Israeli and Palestinian leaders prepared Thursday to take center stage within an hour of each other at the U.N. General Assembly.

Their speeches come a day after Donald Trump suggested for the first time as U.S. president that he “liked” a two-state solution as the most effective way to resolve their conflict.

Also on the docket at the U.N.: a Security Council meeting chaired by the American secretary of state that will focus on North Korea and its nuclear program.

Trump made his comments Wednesday while meeting with Israeli Prime Minister Benjamin Netanyahu.

Trump told reporters he believes that two states — Israel and one for the Palestinians — “works best.” He has been vague on the topic, suggesting he would support whatever the parties might agree to, a message he also recapped Wednesday.

“If the Israelis and Palestinians want one state, that’s OK with me. If they want two states, that’s OK with me. I’m happy if they’re happy,” he said.

Hours before Netanyahu was scheduled to speak at the U.N. on Thursday, Israel’s defense minister expressed indifference to Trump’s remarks, saying that the Israeli interest is “a safe Jewish state.”

Avigdor Lieberman said a Palestinian state “simply doesn’t interest me.”

Netanyahu has in the past reluctantly accepted the concept of Palestinian statehood but has since backtracked. A top coalition partner is threatening to topple his government if it returns to the agenda.

The two sides in one of the world’s most high-profile and volatile conflicts are always forceful voices at the U.N. and its annual General Assembly meeting of world leaders, but their leaders are speaking Thursday after a particularly eventful year in their relations.

The Islamic militant group Hamas that rules Gaza has led protests for months along the border with Israel, aiming partly to draw attention to the Israeli-Egyptian blockade imposed after Hamas took control of Gaza in 2007.

Some 137 Palestinians, mostly unarmed, have been killed by Israeli fire since the border protests began on March 30. During that time, a Gaza sniper killed an Israeli soldier.

Hamas and Israel came close to serious conflict earlier this summer as violence soared along the border.
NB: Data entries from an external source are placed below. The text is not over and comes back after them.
(* Let $\mathcal A\subset\mathbb R^d$ be finite and nonempty, $\mathcal D=\mathrm{conv}(\mathcal A)$, and let $f$ be convex and differentiable on an open set containing $\mathcal D$. Let $x^*\in\arg\min_{\mathcal D}f$ and let $x\in\mathcal D$ with $f(x)>f(x^* )$. Let $S\in\mathcal S_x(\mathcal A)$ be an active set for $x$, $r:=-\nabla f(x)$ and $\hat e:=(x^*-x)/\|x^*-x\|$ (so that $\langle r,\hat e\rangle>0$). Let $s\in\arg\max_{a\in\mathcal A}\langle r,a\rangle$, $v\in\arg\min_{a\in S}\langle r,a\rangle$ and $d:=s-v$ (the pairwise Frank-Wolfe direction). Then $$\frac{\langle r,d\rangle}{\langle r,\hat e\rangle}\ \ge\ \mathrm{PWidth}(\mathcal A).$$
   Context: Euclidean norm and inner product. For a finite set $\mathcal B\subseteq\mathbb R^d$ and $x\in\mathrm{conv}(\mathcal B)$, $\mathcal S_x(\mathcal B)$ is the family of subsets $S\subseteq\mathcal B$ such that $x$ is a proper convex combination of all elements of $S$ ($x=\sum_{v\in S}\alpha_vv$, all $\alpha_v>0$, $\sum\alpha_v=1$). For $r\ne0$, the pyramidal directional width is $\mathrm{PdirW}(\mathcal B,r,x):=\min_{S\in\mathcal S_x(\mathcal B)}\max_{s\in\mathcal B,\,v\in S}\langle r/\|r\|,s-v\rangle$. The pyramidal width of $\mathcal A$ is $\mathrm{PWidth}(\mathcal A):=\inf\{\mathrm{PdirW}(\mathcal K\cap\mathcal A,r,x)\}$, the infimum over all nonempty faces $\mathcal K$ of the polytope $\mathrm{conv}(\mathcal A)$ (including $\mathrm{conv}(\mathcal A)$ itself), all $x\in\mathcal K$, and all $r\in\mathrm{cone}(\mathcal K-x)\setminus\{0\}$, where $\mathrm{cone}(\mathcal K-x)=\{\sum_i\lambda_i(y_i-x):\lambda_i\ge0,\ y_i\in\mathcal K\}$. *)

theory Defs
  imports "HOL-Analysis.Analysis"
begin

definition active_sets :: "'a::euclidean_space set \<Rightarrow> 'a \<Rightarrow> 'a set set" where
  "active_sets B x = {S. S \<subseteq> B \<and> finite S \<and>
      (\<exists>\<alpha>::'a \<Rightarrow> real. (\<forall>v\<in>S. \<alpha> v > 0) \<and> sum \<alpha> S = 1 \<and> (\<Sum>v\<in>S. \<alpha> v *\<^sub>R v) = x)}"

definition PdirW :: "'a::euclidean_space set \<Rightarrow> 'a \<Rightarrow> 'a \<Rightarrow> real" where
  "PdirW B r x = (INF S\<in>active_sets B x.
      (SUP p\<in>B \<times> S. (r /\<^sub>R norm r) \<bullet> (fst p - snd p)))"

definition cone_of :: "'a::euclidean_space set \<Rightarrow> 'a \<Rightarrow> 'a set" where
  "cone_of K x = {z. \<exists>F c. finite F \<and> F \<subseteq> K \<and> (\<forall>y\<in>F. c y \<ge> (0::real)) \<and>
      z = (\<Sum>y\<in>F. c y *\<^sub>R (y - x))}"

definition PWidth :: "'a::euclidean_space set \<Rightarrow> real" where
  "PWidth A = Inf {PdirW (K \<inter> A) r x | K x r.
      K face_of convex hull A \<and> K \<noteq> {} \<and> x \<in> K \<and> r \<in> cone_of K x \<and> r \<noteq> 0}"

end

theory Submission
  imports Defs
begin

text \<open>By convexity, r = -\<nabla>f(x) has positive inner product with e = (x* - x) / \<parallel>x* - x\<parallel>.
  Split r = p + n by projecting onto the tangent cone T of conv A at x (Moreau): p \<in> T,
  n \<perp> p and n \<le> 0 on T. Then \<langle>r, e\<rangle> \<le> \<langle>p, e\<rangle> \<le> \<parallel>p\<parallel>, and the hyperplane {y. n \<bullet> y = n \<bullet> x}
  supports conv A in a face K that contains x, the active set S and the direction p. On K the
  functionals r and p agree on differences, so the pyramidal directional width of K in
  direction p is at most \<langle>r, s - v\<rangle> / \<parallel>p\<parallel>.\<close>

lemma convex_on_above_derivative:
  fixes f :: "'a::real_normed_vector \<Rightarrow> real"
  assumes convex: "convex_on U f" and "x \<in> U" "y \<in> U"
    and deriv: "(f has_derivative f') (at x)"
  shows "f' (y - x) \<le> f y - f x"
proof -
  define d where "d = y - x"
  have "((\<lambda>t::real. x + t *\<^sub>R d) has_derivative (\<lambda>t. t *\<^sub>R d)) (at 0)"
    by (auto intro!: derivative_eq_intros)
  with deriv have "((\<lambda>t. f (x + t *\<^sub>R d)) has_derivative (\<lambda>t. f' (t *\<^sub>R d))) (at 0)"
    using diff_chain_at[of "\<lambda>t::real. x + t *\<^sub>R d" "\<lambda>t. t *\<^sub>R d" 0 f f'] by (simp add: o_def)
  moreover have "(\<lambda>t. f' (t *\<^sub>R d)) = (\<lambda>t. f' d * t)"
    using linear_scale[OF has_derivative_linear[OF deriv]] by (auto simp: mult.commute)
  ultimately have "((\<lambda>t. f (x + t *\<^sub>R d)) has_field_derivative f' d) (at 0)"
    by (simp add: has_field_derivative_def)
  hence lim: "((\<lambda>t. (f (x + t *\<^sub>R d) - f x) / t) \<longlongrightarrow> f' d) (at_right 0)"
    unfolding has_field_derivative_iff by (auto intro: tendsto_mono at_le)
  have "\<forall>\<^sub>F t in at_right 0. (f (x + t *\<^sub>R d) - f x) / t \<le> f y - f x"
    using eventually_at_right_real[OF zero_less_one]
  proof eventually_elim
    fix t :: real assume t: "t \<in> {0<..<1}"
    have "x + t *\<^sub>R d = (1 - t) *\<^sub>R x + t *\<^sub>R y" by (simp add: d_def algebra_simps)
    hence "f (x + t *\<^sub>R d) \<le> (1 - t) * f x + t * f y"
      using convex_onD[OF convex] t assms(2,3) by simp
    thus "(f (x + t *\<^sub>R d) - f x) / t \<le> f y - f x"
      using t by (simp add: pos_divide_le_eq[of t] algebra_simps del: le_diff_eq diff_le_eq)
  qed
  from tendsto_upperbound[OF lim this] show ?thesis by (simp add: d_def)
qed

lemma closest_point_convex_cone:
  fixes T :: "'a::euclidean_space set"
  assumes "closed T" "convex_cone T"
  shows "closest_point T r \<in> T"
    and "(r - closest_point T r) \<bullet> closest_point T r = 0"
    and "\<And>t. t \<in> T \<Longrightarrow> (r - closest_point T r) \<bullet> t \<le> 0"
proof -
  define p where "p = closest_point T r"
  have T0: "0 \<in> T" using assms(2) by (simp add: convex_cone_iff)
  have "convex T" using assms(2) by (simp add: convex_cone_def)
  have dot: "(r - p) \<bullet> (t - p) \<le> 0" if "t \<in> T" for t
    unfolding p_def using closest_point_dot[OF \<open>convex T\<close> assms(1) that] .
  show pT: "closest_point T r \<in> T" using closest_point_in_set[OF assms(1)] T0 by blast
  have "(2::real) *\<^sub>R p \<in> T" using assms(2) pT by (simp add: convex_cone_scaleR p_def)
  from dot[OF this] dot[OF T0] show "(r - closest_point T r) \<bullet> closest_point T r = 0"
    unfolding p_def by (simp add: algebra_simps)
  with dot show "(r - closest_point T r) \<bullet> t \<le> 0" if "t \<in> T" for t
    using that by (simp add: p_def inner_diff_right)
qed

lemma convex_cone_hull_translated:
  "convex_cone hull ((\<lambda>a. a - x) ` A) = insert 0 {c *\<^sub>R (z - x) | c z. 0 \<le> c \<and> z \<in> convex hull A}"
proof -
  have translate: "(\<lambda>a. a - x) = (\<lambda>a. -x + a)" by auto
  have "convex hull ((\<lambda>a. a - x) ` A) = (\<lambda>a. a - x) ` (convex hull A)"
    unfolding translate by (rule convex_hull_translation)
  thus ?thesis unfolding convex_cone_hull_separate conic_hull_explicit by auto
qed

lemma tangent_cone_projection:
  fixes A :: "'a::euclidean_space set"
  assumes "finite A"
  obtains p n where "r = p + n" "n \<bullet> p = 0" "\<And>y. y \<in> convex hull A \<Longrightarrow> n \<bullet> y \<le> n \<bullet> x"
    and "p \<in> cone_of (convex hull A \<inter> {y. n \<bullet> y = n \<bullet> x}) x"
proof -
  define T where "T = convex_cone hull ((\<lambda>a. a - x) ` A)"
  have T_eq: "T = insert 0 {c *\<^sub>R (z - x) | c z. 0 \<le> c \<and> z \<in> convex hull A}"
    unfolding T_def by (rule convex_cone_hull_translated)
  have closed: "closed T" unfolding T_def using assms by (simp add: closed_convex_cone_hull)
  have cone: "convex_cone T" unfolding T_def by (simp add: convex_cone_convex_cone_hull)
  define p where "p = closest_point T r"
  define n where "n = r - p"
  note projection = closest_point_convex_cone[OF closed cone, where r=r, folded p_def, folded n_def]
  have pT: "p \<in> T" and np: "n \<bullet> p = 0" and nT: "\<And>t. t \<in> T \<Longrightarrow> n \<bullet> t \<le> 0"
    using projection by auto
  have nD: "n \<bullet> y \<le> n \<bullet> x" if "y \<in> convex hull A" for y
    using nT[of "1 *\<^sub>R (y - x)"] that unfolding T_eq by (fastforce simp: inner_diff_right)
  define K where "K = convex hull A \<inter> {y. n \<bullet> y = n \<bullet> x}"
  have "p \<in> cone_of K x"
  proof (cases "p = 0")
    case True
    show ?thesis unfolding True cone_of_def by (auto intro!: exI[of _ "{}"])
  next
    case False
    then obtain c z where cz: "p = c *\<^sub>R (z - x)" "0 < c" "z \<in> convex hull A"
      using pT unfolding T_eq p_def by fastforce
    from np have "n \<bullet> z = n \<bullet> x"
      using \<open>0 < c\<close> unfolding cz(1) by (simp add: inner_diff_right)
    with cz have "z \<in> K" unfolding K_def by simp
    with cz show ?thesis
      unfolding cone_of_def by (auto intro!: exI[of _ "{z}"] exI[of _ "\<lambda>_. c"])
  qed
  show thesis
    by (rule that[of p n]) (use np nD \<open>p \<in> cone_of K x\<close> in \<open>auto simp: n_def K_def\<close>)
qed

lemma active_sets_nonempty: "S \<in> active_sets B x \<Longrightarrow> S \<noteq> {}"
  by (auto simp: active_sets_def)

lemma finite_active_sets: "finite B \<Longrightarrow> finite (active_sets B x)"
  by (rule finite_subset[of _ "Pow B"]) (auto simp: active_sets_def)

lemma active_set_in_supporting_hyperplane:
  fixes n :: "'a::euclidean_space"
  assumes "S \<in> active_sets B x" and supp: "\<And>b. b \<in> B \<Longrightarrow> n \<bullet> b \<le> n \<bullet> x" and "b \<in> S"
  shows "n \<bullet> b = n \<bullet> x"
proof -
  obtain \<alpha> where S: "S \<subseteq> B" "finite S" "\<forall>u\<in>S. \<alpha> u > 0" "sum \<alpha> S = 1" "(\<Sum>u\<in>S. \<alpha> u *\<^sub>R u) = x"
    using assms(1) unfolding active_sets_def by blast
  have "(\<Sum>u\<in>S. \<alpha> u * (n \<bullet> x - n \<bullet> u)) = sum \<alpha> S * (n \<bullet> x) - n \<bullet> (\<Sum>u\<in>S. \<alpha> u *\<^sub>R u)"
    by (simp add: algebra_simps sum_subtractf sum_distrib_right inner_sum_right)
  also have "\<dots> = 0" using S(4,5) by simp
  finally have "\<alpha> b * (n \<bullet> x - n \<bullet> b) = 0"
    using sum_nonneg_eq_0_iff[OF S(2)] S(1,3) supp \<open>b \<in> S\<close>
    by (smt (verit) mult_nonneg_nonneg subsetD)
  thus ?thesis using S(3) \<open>b \<in> S\<close> by force
qed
Gaza militants bombarded southern Israel with mortars and rockets, and Israel struck Hamas targets in Gaza.

Israel says it is defending its border against attempts by Hamas, a militant group that sworn to its destruction, to infiltrate and carry out attacks. But Israel has faced heavy international criticism over the large number of unarmed protesters who have been killed or wounded.

Israel has also been struggling to deal with near-daily fires caused by kites and balloons rigged with incendiary devices launched by Palestinians in Gaza. The blazes have destroyed forests, burned crops and killed wildlife.

Egyptian mediated cease-fire talks have hit a deadlock, and Hamas is now intensifying its campaign with more protests.

Palestinians were infuriated, and many Israelis thrilled, by a series of decisions Trump has made within the last year, starting with his recognition of Jerusalem as Israel’s capital. The Palestinians also claim the holy city as the capital of an eventual state. Earlier this year, Trump followed up on the recognition by moving the U.S. Embassy in Israel from Tel Aviv to Jerusalem, a step that was widely protested by Palestinians and others in the Arab world.

His administration has also slashed aid to the Palestinians by hundreds of millions of dollars and ended U.S. support for the U.N. agency that helps Palestinian refugees.

The World Bank warned Tuesday that Gaza’s economy is in “free fall,” with a 6-percent contraction in the first quarter of this year and unemployment standing at over 50 percent. A report from the bank urged Israel and the international community to take action to avoid “immediate collapse.”

It attributed the downturn to a combination of factors, including Israel’s decade-long blockade of the Hamas-controlled territory, budget cuts by the rival Palestinian Authority and a reduction in international aid, particularly from the U.S.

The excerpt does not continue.